Rémy Louvradoux est venu brûler ici sa révolte contre un système qui désoriente et accable tant de ses confrères. Quand on lit la lettre qu’il avait écrite à la direction de l’entreprise en septembre 2009, on a le sentiment qu’il portait en lui une part de la souffrance endurée par ses pairs. Rémy Louvradoux n’était pas un individualiste forcené semble-t-il et la compassion le guidait. Il semblait aussi particulièrement inquiet à l’idée que la violence retournée vers eux-mêmes par tous les suicidés de France Telecom ne se retourne un jour plutôt vers les « harceleurs ». Son geste symbolise peut-être ce combat ultime d’un homme qui accepte encore une fois de retourner contre lui-même la violence infligée.

 

Dans d’autres circonstances, il y aurait un périmètre de sécurité permanent autour du lieu où il a rendu son dernier souffle. Mais passée la vague médiatique du premier jour, il est possible dès le lendemain de s’approcher, en montrant une carte professionnelle… de ce lieu où un salarié inconnu du plus grand nombre nous a livré un message d’une force rare.  

 

A l’heure où le soleil est proche de son zénith, la cabine de l’ascenseur qui descend et remonte le long de la façade du bâtiment projette une ombre légère à l‘emplacement où Rémy s’est donné la mort.
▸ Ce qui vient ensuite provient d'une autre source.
(* The kernel invariance algebra $\mathfrak g^\cap=\bigcap_V\mathfrak g_V$ of the class of equations $i\psi_t+\psi_{xx}+V(t,x)\psi=0$, the intersection running over all smooth complex-valued potentials $V$, is the two-dimensional algebra $\langle M,I\rangle$.
   Context: For a smooth complex-valued potential $V(t,x)$, $\mathfrak g_V$ is the maximal Lie invariance algebra of the linear Schrödinger equation $i\psi_t+\psi_{xx}+V(t,x)\psi=0$ ($\psi$ complex-valued, $t,x$ real), whose elements are vector fields on the space of $(t,x,\psi,\psi^* )$ with $\psi^*$ treated as an additional dependent variable. $M=i\psi\partial_\psi-i\psi^*\partial_{\psi^*}$, $I=\psi\partial_\psi+\psi^*\partial_{\psi^*}$. *)

theory Defs
  imports "HOL-Analysis.Analysis"
begin

fun dd :: "'a::real_normed_vector list \<Rightarrow> ('a \<Rightarrow> 'b::real_normed_vector) \<Rightarrow> 'a \<Rightarrow> 'b" where
  "dd [] f = f"
| "dd (v # vs) f = (\<lambda>x. frechet_derivative (dd vs f) (at x) v)"

definition smooth :: "('a::real_normed_vector \<Rightarrow> 'b::real_normed_vector) \<Rightarrow> bool" where
  "smooth f \<longleftrightarrow> (\<forall>vs. continuous_on UNIV (dd vs f) \<and> (dd vs f) differentiable_on UNIV)"

definition pt :: "(real \<Rightarrow> real \<Rightarrow> 'b::real_normed_vector) \<Rightarrow> real \<Rightarrow> real \<Rightarrow> 'b" where
  "pt f t x = vector_derivative (\<lambda>s. f s x) (at t)"

definition px :: "(real \<Rightarrow> real \<Rightarrow> 'b::real_normed_vector) \<Rightarrow> real \<Rightarrow> real \<Rightarrow> 'b" where
  "px f t x = vector_derivative (\<lambda>y. f t y) (at x)"

text \<open>A (real) vector field  tau d_t + xi d_x + eta d_psi + eta* d_psi*  on the space
  with coordinates (t,x,psi,psi*), psi complex and psi* its complex conjugate.
  The coefficients are functions of (t,x,psi); tau, xi are real-valued, and the
  coefficient of d_psi* is the complex conjugate of eta.\<close>
record vfield =
  tau :: "real \<Rightarrow> real \<Rightarrow> complex \<Rightarrow> real"
  xi  :: "real \<Rightarrow> real \<Rightarrow> complex \<Rightarrow> real"
  eta :: "real \<Rightarrow> real \<Rightarrow> complex \<Rightarrow> complex"

definition smooth_vf :: "vfield \<Rightarrow> bool" where
  "smooth_vf Q \<longleftrightarrow> smooth (\<lambda>(t,x,z). tau Q t x z) \<and> smooth (\<lambda>(t,x,z). xi Q t x z)
                   \<and> smooth (\<lambda>(t,x,z). eta Q t x z)"

definition vf_add :: "vfield \<Rightarrow> vfield \<Rightarrow> vfield" where
  "vf_add P Q = \<lparr>tau = (\<lambda>t x z. tau P t x z + tau Q t x z),
                 xi = (\<lambda>t x z. xi P t x z + xi Q t x z),
                 eta = (\<lambda>t x z. eta P t x z + eta Q t x z)\<rparr>"

definition vf_scale :: "real \<Rightarrow> vfield \<Rightarrow> vfield" where
  "vf_scale c Q = \<lparr>tau = (\<lambda>t x z. c * tau Q t x z),
                   xi = (\<lambda>t x z. c * xi Q t x z),
                   eta = (\<lambda>t x z. of_real c * eta Q t x z)\<rparr>"

text \<open>M = i psi d_psi - i psi* d_psi*,  I = psi d_psi + psi* d_psi*.\<close>
definition vf_M :: vfield where
  "vf_M = \<lparr>tau = (\<lambda>t x z. 0), xi = (\<lambda>t x z. 0), eta = (\<lambda>t x z. \<i> * z)\<rparr>"

definition vf_I :: vfield where
  "vf_I = \<lparr>tau = (\<lambda>t x z. 0), xi = (\<lambda>t x z. 0), eta = (\<lambda>t x z. z)\<rparr>"

definition schr :: "(real \<Rightarrow> real \<Rightarrow> complex) \<Rightarrow> (real \<Rightarrow> real \<Rightarrow> complex) \<Rightarrow> real \<Rightarrow> real \<Rightarrow> complex" where
  "schr V \<psi> t x = \<i> * pt \<psi> t x + px (px \<psi>) t x + V t x * \<psi> t x"

definition charac :: "vfield \<Rightarrow> (real \<Rightarrow> real \<Rightarrow> complex) \<Rightarrow> real \<Rightarrow> real \<Rightarrow> complex" where
  "charac Q \<psi> t x = eta Q t x (\<psi> t x) - of_real (tau Q t x (\<psi> t x)) * pt \<psi> t x
                     - of_real (xi Q t x (\<psi> t x)) * px \<psi> t x"

definition eta_t :: "vfield \<Rightarrow> (real \<Rightarrow> real \<Rightarrow> complex) \<Rightarrow> real \<Rightarrow> real \<Rightarrow> complex" where
  "eta_t Q \<psi> t x = pt (charac Q \<psi>) t x + of_real (tau Q t x (\<psi> t x)) * pt (pt \<psi>) t x
                    + of_real (xi Q t x (\<psi> t x)) * pt (px \<psi>) t x"

definition eta_xx :: "vfield \<Rightarrow> (real \<Rightarrow> real \<Rightarrow> complex) \<Rightarrow> real \<Rightarrow> real \<Rightarrow> complex" where
  "eta_xx Q \<psi> t x = px (px (charac Q \<psi>)) t x + of_real (tau Q t x (\<psi> t x)) * pt (px (px \<psi>)) t x
                     + of_real (xi Q t x (\<psi> t x)) * px (px (px \<psi>)) t x"

definition pr_schr :: "(real \<Rightarrow> real \<Rightarrow> complex) \<Rightarrow> vfield \<Rightarrow> (real \<Rightarrow> real \<Rightarrow> complex) \<Rightarrow> real \<Rightarrow> real \<Rightarrow> complex" where
  "pr_schr V Q \<psi> t x = \<i> * eta_t Q \<psi> t x + eta_xx Q \<psi> t x
      + (of_real (tau Q t x (\<psi> t x)) * pt V t x + of_real (xi Q t x (\<psi> t x)) * px V t x) * \<psi> t x
      + V t x * eta Q t x (\<psi> t x)"

text \<open>Q belongs to the maximal Lie invariance algebra g_V: Q is a smooth vector field and
  its second prolongation annihilates the equation on its solution manifold in the 2-jet
  space. Every 2-jet is realised by a smooth (polynomial) function psi at a point, so the
  solution manifold is parametrised by smooth psi and points (t,x) where the equation holds.\<close>
definition in_gV :: "(real \<Rightarrow> real \<Rightarrow> complex) \<Rightarrow> vfield \<Rightarrow> bool" where
  "in_gV V Q \<longleftrightarrow> smooth_vf Q \<and>
     (\<forall>\<psi>. smooth (\<lambda>(t,x). \<psi> t x) \<longrightarrow>
        (\<forall>t x. schr V \<psi> t x = 0 \<longrightarrow> pr_schr V Q \<psi> t x = 0))"

definition kernel_alg :: "vfield set" where
  "kernel_alg = {Q. \<forall>V. smooth (\<lambda>(t,x). V t x) \<longrightarrow> in_gV V Q}"

end

theory Submission
  imports Defs
begin

text \<open>Every multiplication \<open>\<psi> \<mapsto> c\<psi>\<close> maps solutions to solutions whatever the potential, so
  \<open>M\<close> and \<open>I\<close> lie in the kernel. Conversely, the invariance condition for a kernel element
  is tested with polynomial solutions and polynomial potentials only: constant \<open>\<psi>\<close> with the
  potentials \<open>0\<close>, \<open>t - t\<^sub>0\<close> and \<open>x - x\<^sub>0\<close> kills \<open>\<tau>\<close> and \<open>\<xi>\<close>; \<open>\<psi>\<close> affine in \<open>t\<close> with a
  constant potential shows \<open>\<partial>\<^sub>\<psi>\<eta> = \<eta>/\<psi>\<close>, so \<open>\<eta> = c(t,x)\<psi>\<close>; finally \<open>\<psi> = 1\<close> and
  \<open>\<psi> = x\<close> with zero potential give \<open>i c\<^sub>t + c\<^sub>x\<^sub>x = 0\<close> and \<open>c\<^sub>x = 0\<close>, so \<open>c\<close> is constant.
  Writing \<open>c = b + i a\<close> exhibits the field as \<open>aM + bI\<close>.\<close>

section \<open>Smooth maps\<close>

lemma dd_append: "dd us (dd vs f) = dd (us @ vs) f"
  by (induction us) auto

lemma smooth_dd: "smooth f \<Longrightarrow> smooth (dd vs f)"
  unfolding smooth_def by (simp add: dd_append)

lemma smooth_differentiable_at: "smooth f \<Longrightarrow> f differentiable (at x)"
  unfolding smooth_def differentiable_on_def by (metis UNIV_I dd.simps(1))

lemma smooth_continuous_on: "smooth f \<Longrightarrow> continuous_on UNIV f"
  unfolding smooth_def by (metis dd.simps(1))

lemma affine_has_derivative:
  "bounded_linear L \<Longrightarrow> ((\<lambda>x. a + L x) has_derivative L) F"
  using has_derivative_add[OF has_derivative_const bounded_linear.has_derivative[OF _ has_derivative_ident]]
  by simp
Comme l’âme emportée de cet homme… A-t-il choisi ce lieu à dessein? Cette structure d’ascenseur extérieur et de terrasse évoque une immense croix sur la façade du bâtiment. La spiritualité ne lui était peut-être plus d’aucun secours. Un trou d’aération dans le mur - comme l’entrée d’un tombeau - quelques toiles d’araignée poussiéreuses, un peu de terre grisâtre et sans vie, quelques restes de matière calcinée indescriptible et un bout de pelouse salie complètent le tableau. Rémy Louvradoux ne nous a laissé que le troisième volet d’un triptyque résolument sombre et moderne. Manquent les derniers instants suspendus de sa vie et le passage à l’acte. En fermant les yeux, on sent l’odeur d’essence qui flotte encore discrètement dans l’air. Qu’avons-nous fait de l’humain dans cette entreprise?

 

Les hommes écriront peut-être sur ce suicide. Tant mieux. N’oublions pas Rémy Louvradoux. On pourrait peindre ou filmer ce lieu aussi. Parce qu’il nous a laissé une image et un lieu qui évoquent des morceaux de bravoure de l’art humaniste, de celui qui met vraiment l’humain au cœur de l’œuvre, fusse-t-elle aussi radicale. A quelque pas de ce mur, derrière une rangée de grands arbres ployant doucement sous la brise d’avril, on aperçoit des jeunes enfants jouant dans les jardins. Une ode à la vie, malgré la proximité du carnage d’un homme par lui-même. Comment est-ce possible que cet homme ait décidé de venir conclure sa destinée dans ce lieu et de telle manière?

 

Pour notre travail de mémoire à tous, la société à qui appartient ce mur devrait interdire de « nettoyer » la trace laissée par Rémy Louvradoux. Que cette société s’appelle France Telecom ou autrement. Au contraire, il faudrait protéger ce mur, protéger cette trace noirâtre, autoriser aussi chacun à venir visiter ce lieu. Ce lieu anodin devenu la « tombe d’un salarié inconnu »? Victime parmi les victimes d’une guerre économique en temps de paix, victime du management moderne, victime d’un modèle de société qui sombre. Ce lieu est devenu universel. Il nous appartient désormais.

 

Le geste de Rémy Louvradoux est entré dans notre mémoire collective ce matin du 26 avril 2011. Il n’est pas le premier suicidé d’une entreprise qui a si douloureusement muté depuis une vingtaine d’années. Mais son geste est probablement l’un des plus forts qui puissent secouer le monde de l’entreprise moderne. En temps de paix et en « démocratie », un homme a fait sien le geste ultime des immolés célèbres des épisodes les plus meurtriers des guerres, invasions et dictatures des décennies passées, de la Tchécoslovaquie de 1968 à la Tunisie de 2010. Sa dernière trace de fumée noire est entrée dans l’Histoire.

 

Par son geste démesuré, Rémy Louvradoux nous parle et nous laisse un message. A chacun de nous de l’entendre, en conscience. La colère et la tristesse des proches et des moins proches sera probablement immense. Il faut pardonner à cet homme la violence de son désespoir. Cet homme, il faut aussi le remercier. Il nous a demandé dans un dernier souffle de « changer » ce monde qui ne tourne pas rond. A la mémoire de Rémy Louvradoux, héros et martyr du monde du travail moderne.